Маруся принесла закуску и подняла свой бокал.
– Мальчики! – улыбаясь, сказала она. – Как это хорошо, как здоровски, что вы пронесли дружбу с нашей школьной поры и до сегодняшнего дня… И в радости, и в печали…
– Моргуша, – перебил Павел. – Не говори красиво… Сегодня это не в интеллигентном обществе. Сколько раз выступающих на ток-шоу по телеку запикивают за одну передачу? И не счесть. А каждый «пик-пик» – это матерное слово.
– За что выпьем? – спросил я, переводя разговор в нужное русло.
– За вас, за людей с роковыми судьбами! – поднял бокал Паша.
– Это почему – с роковыми? – насторожилась супруга.
– Это я так, Некрасова вспомнил… – протянул мой верный товарищ по жизни. – «Братья-писатели, в нашей судьбе что-то лежит роковое…»
Он чокнулся с Марусей и подмигнул ей:
– Если нет, Моргушенька-душенька, этого «чего-то рокового», значит, писатель – не настоящий.
– Проверка на дорогах, – вздохнул я.
– Нуда веритас, как говорим мы, образованные здоровые люди, – ответил Паша.
– Что это означает, Немец?
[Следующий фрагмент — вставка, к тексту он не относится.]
(* Let $M$ be a total deterministic 2-copy tree-to-word transducer with output alphabet $B$ whose axiom is $q_1(x_1)q_2(x_1)$ for states $q_1,q_2$. Then $M$ is balanced (i.e. $\mathcal{L}(M)=\{\varepsilon\}$) if and only if both of the following hold: (1) $\mathcal{L}(q_1)\subseteq A^*$ and $\overline{\mathcal{L}(q_2)}\subseteq A^*$; (2) $q_1$ and $\bar q_2$ are equivalent, i.e. $[\![q_1]\!](t)=[\![\bar q_2]\!](t)$ for all $t\in\mathcal{T}_\Sigma$.
   Context: Let $A$ be a finite alphabet of opening brackets, $\bar A=\{\bar a\mid a\in A\}$ a disjoint copy of closing brackets, and $B=A\cup\bar A$. Extend $\bar{\cdot}$ to an involution on $B^*$ by $\bar\varepsilon=\varepsilon$, $\bar{\bar a}=a$, $\overline{\alpha\beta}=\bar\beta\,\bar\alpha$, and to languages elementwise. The reduction relation on $B^*$ is $\alpha a\bar a\beta\to\alpha\beta$ for $a\in A$ (only $a\bar a$ cancels, not $\bar a a$); $\rho(\alpha)$ denotes the unique irreducible normal form. Let $\Sigma$ be a finite ranked input alphabet and $\mathcal{T}_\Sigma$ the trees over $\Sigma$. A total deterministic 2-copy tree-to-word transducer has a finite set $Q$ of states and, for every $q\in Q$ and $f\in\Sigma$ of rank $m$, exactly one rule $q(f(x_1,\dots,x_m))\to u_0q_1'(x_{\sigma(1)})u_1\cdots q_n'(x_{\sigma(n)})u_n$ with $q_i'\in Q$, $u_i\in B^*$, $n\le m$, $\sigma$ injective. State semantics: $[\![q]\!](f(t_1,\dots,t_m))=\rho(u_0[\![q_1']\!](t_{\sigma(1)})u_1\cdots[\![q_n']\!](t_{\sigma(n)})u_n)$, and $\mathcal{L}(q)=\{[\![q]\!](t)\mid t\in\mathcal{T}_\Sigma\}$. With axiom $q_1(x_1)q_2(x_1)$, $[\![M]\!](t)=\rho([\![q_1]\!](t)[\![q_2]\!](t))$ and $\mathcal{L}(M)=\{[\![M]\!](t)\mid t\in\mathcal T_\Sigma\}$. For a state $q$, $\bar q$ denotes the inverse transduction, obtained from a copy of the rules reachable from $q$ by applying the involution to each right-hand side, so that $[\![\bar q]\!](t)=\overline{[\![q]\!](t)}$ for all $t$. *)

theory Defs
  imports Main
begin

datatype 'a br = Op 'a | Cl 'a   (* Op a = opening bracket a, Cl a = closing bracket \<bar>a *)

fun bar_sym :: "'a br \<Rightarrow> 'a br" where
  "bar_sym (Op a) = Cl a"
| "bar_sym (Cl a) = Op a"

definition bar :: "'a br list \<Rightarrow> 'a br list" where
  "bar w = rev (map bar_sym w)"

definition red_step :: "('a br list \<times> 'a br list) set" where
  "red_step = {(\<alpha> @ [Op a, Cl a] @ \<beta>, \<alpha> @ \<beta>) | \<alpha> a \<beta>. True}"

definition irreducible :: "'a br list \<Rightarrow> bool" where
  "irreducible w \<longleftrightarrow> (\<nexists>v. (w, v) \<in> red_step)"

definition rho :: "'a br list \<Rightarrow> 'a br list" where
  "rho w = (THE v. (w, v) \<in> red_step\<^sup>* \<and> irreducible v)"

datatype 'f tree = Node 'f "'f tree list"

inductive_set trees :: "('f \<Rightarrow> nat) \<Rightarrow> 'f tree set" for rank where
  "length ts = rank f \<Longrightarrow> (\<forall>t\<in>set ts. t \<in> trees rank) \<Longrightarrow> Node f ts \<in> trees rank"

text \<open>A rule  q(f(x_1..x_m)) -> u_0 q_1(x_{s(1)}) u_1 ... q_n(x_{s(n)}) u_n  is represented as
  (u_0, [(q_1, s(1)-1, u_1), ..., (q_n, s(n)-1, u_n)]) (child indices 0-based).
  A total deterministic transducer is a function assigning one rule to every (q, f).\<close>

type_synonym ('q, 'a) rhs = "'a br list \<times> ('q \<times> nat \<times> 'a br list) list"

definition wf_rules :: "('f \<Rightarrow> nat) \<Rightarrow> ('q \<Rightarrow> 'f \<Rightarrow> ('q, 'a) rhs) \<Rightarrow> bool" where
  "wf_rules rank R \<longleftrightarrow> (\<forall>q f. distinct (map (\<lambda>(_, i, _). i) (snd (R q f)))
                         \<and> (\<forall>(_, i, _) \<in> set (snd (R q f)). i < rank f))"

function (sequential) sem :: "('q \<Rightarrow> 'f \<Rightarrow> ('q, 'a) rhs) \<Rightarrow> 'q \<Rightarrow> 'f tree \<Rightarrow> 'a br list" where
  "sem R q (Node f ts) =
     rho (fst (R q f) @
          concat (map (\<lambda>(q', i, u). (if i < length ts then sem R q' (ts ! i) else []) @ u)
                      (snd (R q f))))"
  by pat_completeness auto
termination
  apply (relation "measure (\<lambda>(_, _, t). size t)")
   apply simp
  apply (simp add: less_Suc_eq_le)
  apply (rule size_list_estimation'[OF nth_mem])
   apply assumption
  apply simp
  done

text \<open>Inverse transducer: apply the involution to each right-hand side.
  u_0 q_1 u_1 ... q_n u_n  becomes  bar u_n, q_n, bar u_{n-1}, ..., q_1, bar u_0
  (with all states read in the inverse transducer).\<close>

definition inv_rhs :: "('q, 'a) rhs \<Rightarrow> ('q, 'a) rhs" where
  "inv_rhs r = (let us = fst r # map (\<lambda>(_, _, u). u) (snd r) in
     (bar (last us),
      rev (map2 (\<lambda>(q, i, _) u. (q, i, bar u)) (snd r) (butlast us))))"

definition inv_rules :: "('q \<Rightarrow> 'f \<Rightarrow> ('q, 'a) rhs) \<Rightarrow> 'q \<Rightarrow> 'f \<Rightarrow> ('q, 'a) rhs" where
  "inv_rules R q f = inv_rhs (R q f)"

definition lang :: "('f \<Rightarrow> nat) \<Rightarrow> ('q \<Rightarrow> 'f \<Rightarrow> ('q, 'a) rhs) \<Rightarrow> 'q \<Rightarrow> 'a br list set" where
  "lang rank R q = sem R q ` trees rank"

definition sem2 :: "('q \<Rightarrow> 'f \<Rightarrow> ('q, 'a) rhs) \<Rightarrow> 'q \<Rightarrow> 'q \<Rightarrow> 'f tree \<Rightarrow> 'a br list" where
  "sem2 R q1 q2 t = rho (sem R q1 t @ sem R q2 t)"

definition lang2 :: "('f \<Rightarrow> nat) \<Rightarrow> ('q \<Rightarrow> 'f \<Rightarrow> ('q, 'a) rhs) \<Rightarrow> 'q \<Rightarrow> 'q \<Rightarrow> 'a br list set" where
  "lang2 rank R q1 q2 = sem2 R q1 q2 ` trees rank"

definition opening_words :: "'a br list set" where
  "opening_words = {w. set w \<subseteq> range Op}"

end

theory Submission
  imports Defs
begin

text \<open>Normal forms are computed by a stack: reading a word from left to right, a closing
  bracket cancels a matching opening bracket on top of the stack and is pushed otherwise.
  The final stack is irreducible and invariant under reduction, which makes \<open>rho\<close> well
  defined and shows that for irreducible \<open>u\<close>, \<open>v\<close> the word \<open>u v\<close> reduces to the empty word
  iff \<open>u\<close> consists of opening brackets and \<open>v = bar u\<close>. Every output \<open>\<lbrakk>q\<rbrakk>(t)\<close> is a normal
  form and \<open>\<lbrakk>bar q\<rbrakk>(t) = bar \<lbrakk>q\<rbrakk>(t)\<close>, so \<open>M\<close> is balanced iff for every input tree \<open>t\<close>
  the word \<open>\<lbrakk>q\<^sub>1\<rbrakk>(t)\<close> consists of opening brackets and \<open>\<lbrakk>q\<^sub>2\<rbrakk>(t) = bar \<lbrakk>q\<^sub>1\<rbrakk>(t)\<close>,
  which is conditions (1) and (2).\<close>

lemma irreducible_iff: "irreducible w \<longleftrightarrow> (\<nexists>\<alpha> a \<beta>. w = \<alpha> @ Op a # Cl a # \<beta>)"
  unfolding irreducible_def red_step_def by auto

lemma irreducible_Nil [simp]: "irreducible []"
  and irreducible_singleton [simp]: "irreducible [x]"
  by (auto simp: irreducible_iff Cons_eq_append_conv)

lemma irreducible_Cons_Cons [simp]:
  "irreducible (x # y # w) \<longleftrightarrow> (\<nexists>a. x = Op a \<and> y = Cl a) \<and> irreducible (y # w)"
  unfolding irreducible_iff by (fastforce simp: Cons_eq_append_conv)

lemma irreducible_ConsD: "irreducible (x # w) \<Longrightarrow> irreducible w"
  by (cases w) auto

lemma irreducible_snoc:
  "irreducible (w @ [x]) \<longleftrightarrow> irreducible w \<and> \<not> (\<exists>a. w \<noteq> [] \<and> last w = Op a \<and> x = Cl a)"
  by (induction w rule: induct_list012) auto

text \<open>The stack holds the normal form of the prefix read so far, reversed, so that its top is
  the last letter.\<close>

fun push :: "'a br \<Rightarrow> 'a br list \<Rightarrow> 'a br list" where
  "push (Cl a) (Op b # s) = (if a = b then s else Cl a # Op b # s)"
| "push x s = x # s"

lemma push_cases:
  obtains a s' where "x = Cl a" "s = Op a # s'" "push x s = s'"
  | "push x s = x # s" "\<nexists>a s'. x = Cl a \<and> s = Op a # s'"
  by (induction x s rule: push.induct) auto

lemma fold_push_red_step: "(w, v) \<in> red_step \<Longrightarrow> fold push w s = fold push v s"
  unfolding red_step_def by auto

lemma fold_push_rtrancl: "(w, v) \<in> red_step\<^sup>* \<Longrightarrow> fold push w s = fold push v s"
  by (induction rule: rtrancl_induct) (auto dest: fold_push_red_step[where s = s])

lemma reduces_to_fold_push: "(rev s @ w, rev (fold push w s)) \<in> red_step\<^sup>*"
proof (induction w arbitrary: s)
  case (Cons x w)
  have "(rev s @ x # w, rev (push x s) @ w) \<in> red_step\<^sup>*"
  proof (cases x s rule: push_cases)
    case (1 a s')
    then have "(rev s @ x # w, rev (push x s) @ w) \<in> red_step"
      unfolding red_step_def by force
    then show ?thesis ..
  qed simp
  with Cons.IH[of "push x s"] show ?case by simp
qed simp

lemma irreducible_rev_push: "irreducible (rev s) \<Longrightarrow> irreducible (rev (push x s))"
  by (cases x s rule: push_cases) (auto simp: irreducible_snoc last_rev neq_Nil_conv)

lemma irreducible_rev_fold_push: "irreducible (rev s) \<Longrightarrow> irreducible (rev (fold push w s))"
  by (induction w arbitrary: s) (auto intro: irreducible_rev_push)

text \<open>Below the top of the stack nothing is ever touched by an irreducible word.\<close>

lemma fold_push_irreducible_Cons:
  "irreducible (x # w) \<Longrightarrow> fold push w (x # s) = rev w @ x # s"
proof (induction w arbitrary: x s)
  case (Cons y w)
  then have "push y (x # s) = y # x # s"
    by (cases y "x # s" rule: push_cases) auto
  with Cons show ?case by simp
qed simp

lemma fold_push_irreducible: "irreducible w \<Longrightarrow> fold push w [] = rev w"
  by (cases w) (simp_all add: fold_push_irreducible_Cons)

lemma fold_push_eq_Nil_iff:
  assumes "irreducible v"
  shows "fold push v s = [] \<longleftrightarrow> set s \<subseteq> range Op \<and> v = map bar_sym s"
  using assms
proof (induction v arbitrary: s)
  case Nil
  then show ?case by auto
next
  case (Cons x v)
  show ?case
  proof (cases x s rule: push_cases)
    case (1 a s')
    then show ?thesis
      using Cons.IH[of s'] irreducible_ConsD[OF Cons.prems] by auto
  next
    case 2
    then show ?thesis
      using fold_push_irreducible_Cons[OF Cons.prems] by (cases s) auto
  qed
qed

lemma rho_eqI:
  assumes "(w, v) \<in> red_step\<^sup>*" and "irreducible v"
  shows "rho w = v"
  unfolding rho_def
proof (rule the_equality)
  fix v' assume "(w, v') \<in> red_step\<^sup>* \<and> irreducible v'"
  with assms show "v' = v"
    by (metis fold_push_irreducible fold_push_rtrancl rev_rev_ident)
qed (use assms in simp)

lemma rho_fold_push: "rho w = rev (fold push w [])"
  using reduces_to_fold_push[of "[]" w] irreducible_rev_fold_push[of "[]" w]
  by (intro rho_eqI) simp_all

lemma irreducible_rho: "irreducible (rho w)"
  using irreducible_rev_fold_push[of "[]" w] by (simp add: rho_fold_push)

lemma reduces_to_rho: "(w, rho w) \<in> red_step\<^sup>*"
  using reduces_to_fold_push[of "[]" w] by (simp add: rho_fold_push)

lemma rho_append_eq_Nil_iff:
  assumes "irreducible u" and "irreducible v"
  shows "rho (u @ v) = [] \<longleftrightarrow> set u \<subseteq> range Op \<and> v = bar u"
proof -
  have "rho (u @ v) = rev (fold push v (rev u))"
    using assms(1) by (simp add: rho_fold_push fold_push_irreducible)
  then show ?thesis
    using fold_push_eq_Nil_iff[OF assms(2), of "rev u"] by (simp add: bar_def rev_map)
qed

lemma bar_Nil [simp]: "bar [] = []"
  by (simp add: bar_def)

lemma bar_append [simp]: "bar (u @ v) = bar v @ bar u"
  by (simp add: bar_def)

lemma bar_bar [simp]: "bar (bar w) = w"
proof -
  have "bar_sym (bar_sym x) = x" for x :: "'a br"
    by (cases x) simp_all
  then show ?thesis
    by (simp add: bar_def rev_map comp_def)
qed

lemma bar_red_step: "(w, v) \<in> red_step \<Longrightarrow> (bar w, bar v) \<in> red_step"
  unfolding red_step_def by (force simp: bar_def)

lemma bar_rtrancl: "(w, v) \<in> red_step\<^sup>* \<Longrightarrow> (bar w, bar v) \<in> red_step\<^sup>*"
  by (induction rule: rtrancl_induct) (auto intro: rtrancl_into_rtrancl bar_red_step)

lemma irreducible_bar: "irreducible w \<Longrightarrow> irreducible (bar w)"
  unfolding irreducible_def by (metis bar_bar bar_red_step)

lemma rho_bar: "rho (bar w) = bar (rho w)"
  by (intro rho_eqI bar_rtrancl reduces_to_rho irreducible_bar irreducible_rho)

definition rhs_word :: "('q, 'a) rhs \<Rightarrow> ('q \<Rightarrow> nat \<Rightarrow> 'a br list) \<Rightarrow> 'a br list" where
  "rhs_word r W = fst r @ concat (map (\<lambda>(q, i, u). W q i @ u) (snd r))"

lemma sem_Node:
  "sem R q (Node f ts) =
     rho (rhs_word (R q f) (\<lambda>q' i. if i < length ts then sem R q' (ts ! i) else []))"
  by (simp add: rhs_word_def)

lemma rhs_word_inv_rhs: "rhs_word (inv_rhs r) (\<lambda>q i. bar (W q i)) = bar (rhs_word r W)"
proof -
  have "rhs_word (inv_rhs (u0, rs)) (\<lambda>q i. bar (W q i)) = bar (rhs_word (u0, rs) W)" for u0 rs
  proof (induction rs arbitrary: u0)
    case (Cons r rs)
    obtain q i u where "r = (q, i, u)"
      by (cases r) auto
    with Cons.IH[of u] show ?case
      by (simp add: rhs_word_def inv_rhs_def)
  qed (simp add: rhs_word_def inv_rhs_def)
  then show ?thesis
    by (cases r) simp
qed

lemma sem_inv_rules: "sem (inv_rules R) q t = bar (sem R q t)"
proof (induction t arbitrary: q)
  case (Node f ts)
  define W where "W = (\<lambda>q' i. if i < length ts then sem R q' (ts ! i) else [])"
  have "(\<lambda>q' i. if i < length ts then sem (inv_rules R) q' (ts ! i) else []) =
      (\<lambda>q' i. bar (W q' i))"
    using Node.IH by (auto simp: W_def fun_eq_iff)
  then have "sem (inv_rules R) q (Node f ts) =
      rho (rhs_word (inv_rhs (R q f)) (\<lambda>q' i. bar (W q' i)))"
    by (simp only: sem_Node inv_rules_def)
  also have "\<dots> = bar (sem R q (Node f ts))"
    by (simp only: rhs_word_inv_rhs rho_bar sem_Node W_def)
  finally show ?case .
qed

lemma irreducible_sem: "irreducible (sem R q t)"
  by (cases t) (simp only: sem_Node irreducible_rho)

theorem proposition1:
  fixes rank :: "'f::finite \<Rightarrow> nat"
    and R :: "'q::finite \<Rightarrow> 'f \<Rightarrow> ('q, 'a::finite) rhs"
    and q1 q2 :: 'q
  assumes wf: "wf_rules rank R"
    and nonempty: "trees rank \<noteq> {}"
  shows "lang2 rank R q1 q2 = {[]} \<longleftrightarrow>
         ((lang rank R q1 \<subseteq> opening_words \<and> bar ` lang rank R q2 \<subseteq> opening_words)
          \<and> (\<forall>t\<in>trees rank. sem R q1 t = sem (inv_rules R) q2 t))"
proof -
  have "lang2 rank R q1 q2 = {[]} \<longleftrightarrow> (\<forall>t\<in>trees rank. sem2 R q1 q2 t = [])"
    using nonempty unfolding lang2_def by auto
  also have "\<dots> \<longleftrightarrow>
      (\<forall>t\<in>trees rank. set (sem R q1 t) \<subseteq> range Op \<and> sem R q2 t = bar (sem R q1 t))"
    by (simp add: sem2_def rho_append_eq_Nil_iff irreducible_sem)
  also have "\<dots> \<longleftrightarrow> ((lang rank R q1 \<subseteq> opening_words \<and> bar ` lang rank R q2 \<subseteq> opening_words)
          \<and> (\<forall>t\<in>trees rank. sem R q1 t = sem (inv_rules R) q2 t))"
    unfolding lang_def opening_words_def sem_inv_rules by (auto simp: image_subset_iff) blast
  finally show ?thesis .
qed

end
Переведи! – попросила жена.
– Голая правда, – ответил он. – Не приукрашивай её, старичок, когда будешь ностальгировать о светлом прошлом, писать о скользком настоящем или думать о незнакомом будущем… И о нашей «юности печальной» пиши, как Бог на душу положит. Без прикрас и этих романтических прибамбасов…
Он, чувствуя, что тост явно затянулся, добавил скороговоркой:
– Кстати, когда будешь с «бурдовой тетрадкой» работать, не увлекайся, пожалуйста, метафорами и прочими эпитетами. Истина ведь в украшательстве не нуждается. Античные скульпторы, я это читал в толстой умной книге, истину всегда изображали в виде обнаженной женщины.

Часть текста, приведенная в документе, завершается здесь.